Series D
Protocols
Community & Commerce
Ever wondered how the world's top brands like Rapha and Lululemon cultivate their communities to drive commerce growth? Imagine if you could leverage these strategies to expand your brand. This episode unravels the complex relationship between community and commerce in today's tech and fintech landscape. We delve into the transition from bricks and mortar to the digital space of Web 2.0, exploring how brands have become content creators, curating communities and prompting commerce growth. We analyze the success of Rapha and Lululemon, observing how they cultivated meaningful relationships through content creation and in turn propelled their commerce.
Transcript
Michael Campion: You have a brand protocol that links community and commerce. Every company these days, especially in the tech world and in the fintech world, every company, every brand, wants a community. But what do communities form around and how do they form and how do they impact commerce?
Bob Sheard: So this is very much an evolution of brand design. That is, as a consequence of Web 2.0. So, as brands were able to vacate the physical world of bricks and mortar and populate the digital world of Web 2.0, how do we get people to orient around our brands when there's not a physical space on the high street for them? Well, the way it's done is to generate content that brands realize that they were becoming, effectively, media channels that had content that people would consume and become addicted to, and whilst they were becoming addicted to them, to the content that would be buying the product. So, effectively, you've got this situation where you have content that creates community, that creates commerce. Rapha did this. They built their brand of 80,000 meaningful relationships and got it to about 40 million with 80,000 meaningful relationships, those being people that actually had bought products and what drove them was to create a meaningful relationship. It's a bit like a marriage you don't talk all the time to your wife or husband about everything it just would be a disaster but what you do talk is you talk about the meaningful things at meaningful times. So another brand that is really important was Lululemon. Lululemon were able to create and grow hugely, create this sense of commerce around the religiosity of yoga. This turned that into a north of $1 billion niche brand through the idea of community. Then if we can generate community, we can drive commerce from that community. And more recently we've worked on a brand, a yoga brand, called Oceans Apart, which is very much just pivoted off the influencer yoga community and using the influencer model, has got to in three years an EBITDA of over 20 million. So you can see the power of community. The interesting thing now is how we morph from Web 2.0 to Web 3. 0, is how the dynamics of creating and keeping that community will change as the dynamics of web experience changes.

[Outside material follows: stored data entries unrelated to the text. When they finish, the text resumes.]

(* Let $r\ge 0$, let $l_1,\ldots,l_r,\theta_1,\ldots,\theta_r,L$ be real numbers, $u_j=l_j+i\theta_j$, and for $z=x+iy$ ($x,y$ real) let $$A(z)=\begin{pmatrix}\cos y & -e^{x}\sin y\\ -e^{-x}\sin y & -\cos y\end{pmatrix},\qquad \Gamma_L=\begin{pmatrix}e^{L/2}&0\\0&e^{-L/2}\end{pmatrix}.$$ Then $$\operatorname{Tr}\big(A(u_1)A(u_2)\cdots A(u_r)\Gamma_L\big)=\sum_{I\subseteq\{1,\ldots,r\},\ |I|\text{ even}}(-1)^{s(I)}\sin(\theta_I)\cos(\theta_{\hat I})\big(e^{L/2-L_I}+(-1)^r e^{L_I-L/2}\big).$$ Equivalently, the right-hand side equals $\sum_{|I|\text{ even}}(-1)^{s(I)}2\sin(\theta_I)\cos(\theta_{\hat I})\cosh(L/2-L_I)$ when $r$ is even and $\sum_{|I|\text{ even}}(-1)^{s(I)}2\sin(\theta_I)\cos(\theta_{\hat I})\sinh(L/2-L_I)$ when $r$ is odd. (For $r=0$ the product of the $A$'s is the identity.)
   Context: For a subset $I=\{i_1<\cdots<i_k\}\subseteq\{1,\ldots,r\}$ with $k$ even: $L_I=\sum_{j=1}^k(-1)^j l_{i_j}=-l_{i_1}+l_{i_2}-\cdots+l_{i_k}$; $s(I)=\sum_{m=1}^{k/2}(i_{2m}-i_{2m-1}+1)$; $\sin(\theta_I)=\prod_{i\in I}\sin\theta_i$; $\cos(\theta_{\hat I})=\prod_{i\in\{1,\ldots,r\}\setminus I}\cos\theta_i$. Empty products equal $1$, and for $I=\emptyset$, $L_I=0$ and $s(I)=0$. *)

theory Defs
  imports "HOL-Analysis.Analysis"
begin

definition Amat :: "complex \<Rightarrow> real^2^2" where
  "Amat z = (let x = Re z; y = Im z in
     vector [vector [cos y, - exp x * sin y],
             vector [- exp (- x) * sin y, - cos y]])"

definition Gamma_mat :: "real \<Rightarrow> real^2^2" where
  "Gamma_mat L = vector [vector [exp (L/2), 0], vector [0, exp (- L/2)]]"

definition mat_prod_upto :: "(nat \<Rightarrow> real^2^2) \<Rightarrow> nat \<Rightarrow> real^2^2" where
  "mat_prod_upto M r = foldr (\<lambda>j P. M j ** P) [1..<r+1] (mat 1)"

definition L_alt :: "(nat \<Rightarrow> real) \<Rightarrow> nat set \<Rightarrow> real" where
  "L_alt l I = (let xs = sorted_list_of_set I in
     (\<Sum>j<length xs. (-1) ^ (j+1) * l (xs ! j)))"

definition s_of :: "nat set \<Rightarrow> nat" where
  "s_of I = (let xs = sorted_list_of_set I in
     (\<Sum>m<length xs div 2. xs ! (2*m+1) - xs ! (2*m) + 1))"

end

theory Submission
  imports Defs
begin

Michael Campion: And there's a huge element of co-creation of content. Now, isn't there an order to build a community, could you maybe go a little bit deeper on that? Content to community, to commerce and the co-creation of content, and how vital that is?
Bob Sheard: Yeah, Web 2.0, all about more or less one-way traffic creating content and trafficking that in one direction to the community, to create the addiction, to then create sales. The rise of the influencer has meant that it's become very important to start to co- create the brand, co- create content and co-create products so that the feeling of the community is that they belong to something that they're part of creating, that you value them, they make they feel valued and they feel valued as an individual. And so the talent challenge for brands is that, you know, through the history of brands it's always been very strict. Strict guidelines and strict architecture, in which all the rules exist for brand creation and don't step outside of them. Now we're moving from a strict architecture to more of a garden where we're allowing the co creation of brand content with consumers, the co- creation of brand design to enable new holes of creativity, new holes of knowledge and new holes of intelligence to ferment and be created to help generate a brand. That creates all sorts of potential chaos, and the way to solve that for a brand is to drive versioning and selectioning throughout their content portfolio. So if you think about the way retailers are now organizing their product selection, so if you have a retailer that's selling products on the east coast of America, which are very urban based, and then they're also selling products on the west coast of America, which are very outdoor based, then if they've got a store in New York or a store in LA, then they're highly likely to be selling different products. But what the store managers now do is they buy from a online archive of products at the brand holds and therefore the brand creates universal products that the store holders can select from and more and more brands need to learn from that. It's a similar model to the Zara model. More brands need to learn that that's how they work with their influencers. They create a portfolio versions that influencers can select from and make their own, so that you then get the impression of co- creation without the chaos.